### Data items
┌────────

lemma opial_weak_convergence:
  fixes z :: "nat \<Rightarrow> 'a::{real_inner,complete_space}"
  assumes bounded: "\<And>n. norm (z n) \<le> C"
    and dist_convergent: "\<And>w. P w \<Longrightarrow> convergent (\<lambda>n. norm (z n - w))"
    and cluster: "\<And>r w. strict_mono r \<Longrightarrow> (z \<circ> r) \<rightharpoonup> w \<Longrightarrow> P w"
  shows "\<exists>w. P w \<and> z \<rightharpoonup> w"
proof -
  have unique: "w = w'" if "strict_mono r" "(z \<circ> r) \<rightharpoonup> w" "strict_mono r'" "(z \<circ> r') \<rightharpoonup> w'"
    for r r' w w'
    by (rule weak_cluster_point_unique[OF dist_convergent[OF cluster[OF that(1,2)]]
          dist_convergent[OF cluster[OF that(3,4)]] that])
  obtain r w where r: "strict_mono r" "(z \<circ> r) \<rightharpoonup> w"
    using bounded_seq_has_weakly_convergent_subseq[of z C, OF bounded] by blast
  have "(\<lambda>n. inner (z n) c) \<longlonglongrightarrow> inner w c" for c
  proof (rule ccontr)
    assume "\<not> (\<lambda>n. inner (z n) c) \<longlonglongrightarrow> inner w c"
    then obtain e and s :: "nat \<Rightarrow> nat" where "e > 0" "strict_mono s" and away: "\<And>n. e \<le> \<bar>inner (z (s n)) c - inner w c\<bar>"
      using not_tendsto_imp_subseq_bounded_away by metis
    obtain r' w' where "strict_mono r'" "((z \<circ> s) \<circ> r') \<rightharpoonup> w'"
      using bounded_seq_has_weakly_convergent_subseq[of "z \<circ> s" C] bounded by auto
    then have "strict_mono (s \<circ> r')" "(z \<circ> (s \<circ> r')) \<rightharpoonup> w'"
      using \<open>strict_mono s\<close> strict_mono_o by (auto simp: o_assoc)
    then have "w' = w" using unique r by blast
    have "(\<lambda>j. inner (z (s (r' j))) c) \<longlonglongrightarrow> inner w' c"
      using \<open>(z \<circ> (s \<circ> r')) \<rightharpoonup> w'\<close> unfolding weak_conv_def o_def by blast
    from tendsto_rabs[OF tendsto_diff[OF this tendsto_const]]
    have "(\<lambda>j. \<bar>inner (z (s (r' j))) c - inner w c\<bar>) \<longlonglongrightarrow> \<bar>inner w' c - inner w c\<bar>" .
    then have "e \<le> \<bar>inner w' c - inner w c\<bar>" by (rule LIMSEQ_le_const) (use away in blast)
    then show False using \<open>w' = w\<close> \<open>e > 0\<close> by simp
  qed
  then show ?thesis using cluster[OF r] unfolding weak_conv_def by blast
qed

locale krasnoselskii_mann =
  fixes N :: "'a::{real_inner,complete_space} \<Rightarrow> 'a" and z eps :: "nat \<Rightarrow> 'a"
    and mu :: "nat \<Rightarrow> real" and f :: 'a
  assumes nonexpansive: "\<And>a b. norm (N a - N b) \<le> norm (a - b)"
    and fixpoint: "N f = f"
    and step: "\<And>n. z (Suc n) = z n + mu n *\<^sub>R (N (z n) - z n) + eps n"
    and mu_range: "\<And>n. 0 < mu n \<and> mu n < 1"
    and mu_not_summable: "\<not> summable (\<lambda>n. mu n * (1 - mu n))"
    and eps_summable: "summable (\<lambda>n. norm (eps n))"
begin

definition relaxed :: "nat \<Rightarrow> 'a" where
  "relaxed n = z n + mu n *\<^sub>R (N (z n) - z n)"

definition residual :: "nat \<Rightarrow> real" where
  "residual n = norm (N (z n) - z n)"

lemma z_Suc: "z (Suc n) = relaxed n + eps n"
  unfolding relaxed_def using step by simp

lemma relaxed_dist_sq:
  assumes "N w = w"
  shows "(norm (relaxed n - w))\<^sup>2 \<le> (norm (z n - w))\<^sup>2 - mu n * (1 - mu n) * (residual n)\<^sup>2"
proof -
  have "relaxed n - w = (1 - mu n) *\<^sub>R (z n - w) + mu n *\<^sub>R (N (z n) - w)"
    unfolding relaxed_def by (simp add: algebra_simps)
  then have "(norm (relaxed n - w))\<^sup>2 = (1 - mu n) * (norm (z n - w))\<^sup>2 + mu n * (norm (N (z n) - w))\<^sup>2
      - mu n * (1 - mu n) * (norm ((z n - w) - (N (z n) - w)))\<^sup>2"
    using norm_convex_combination_sq by metis
  moreover have "(norm (N (z n) - w))\<^sup>2 \<le> (norm (z n - w))\<^sup>2"
    using nonexpansive[of "z n" w] assms by (intro power_mono) auto
  then have "mu n * (norm (N (z n) - w))\<^sup>2 \<le> mu n * (norm (z n - w))\<^sup>2"
    using mu_range[of n] by (intro mult_left_mono) auto
  moreover have "norm ((z n - w) - (N (z n) - w)) = residual n"
    unfolding residual_def by (simp add: norm_minus_commute)
  ultimately show ?thesis by (simp add: algebra_simps)
qed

└────────

### DESCRIPTION OF THE TASK
Lines after the one containing "dist_convergent[OF cluster[OF that(3,4)]]" are not part of the task. Output the entries exactly from their first line through that one.

### EXERCISE ANSWER
lemma opial_weak_convergence:
  fixes z :: "nat \<Rightarrow> 'a::{real_inner,complete_space}"
  assumes bounded: "\<And>n. norm (z n) \<le> C"
    and dist_convergent: "\<And>w. P w \<Longrightarrow> convergent (\<lambda>n. norm (z n - w))"
    and cluster: "\<And>r w. strict_mono r \<Longrightarrow> (z \<circ> r) \<rightharpoonup> w \<Longrightarrow> P w"
  shows "\<exists>w. P w \<and> z \<rightharpoonup> w"
proof -
  have unique: "w = w'" if "strict_mono r" "(z \<circ> r) \<rightharpoonup> w" "strict_mono r'" "(z \<circ> r') \<rightharpoonup> w'"
    for r r' w w'
    by (rule weak_cluster_point_unique[OF dist_convergent[OF cluster[OF that(1,2)]]
          dist_convergent[OF cluster[OF that(3,4)]] that])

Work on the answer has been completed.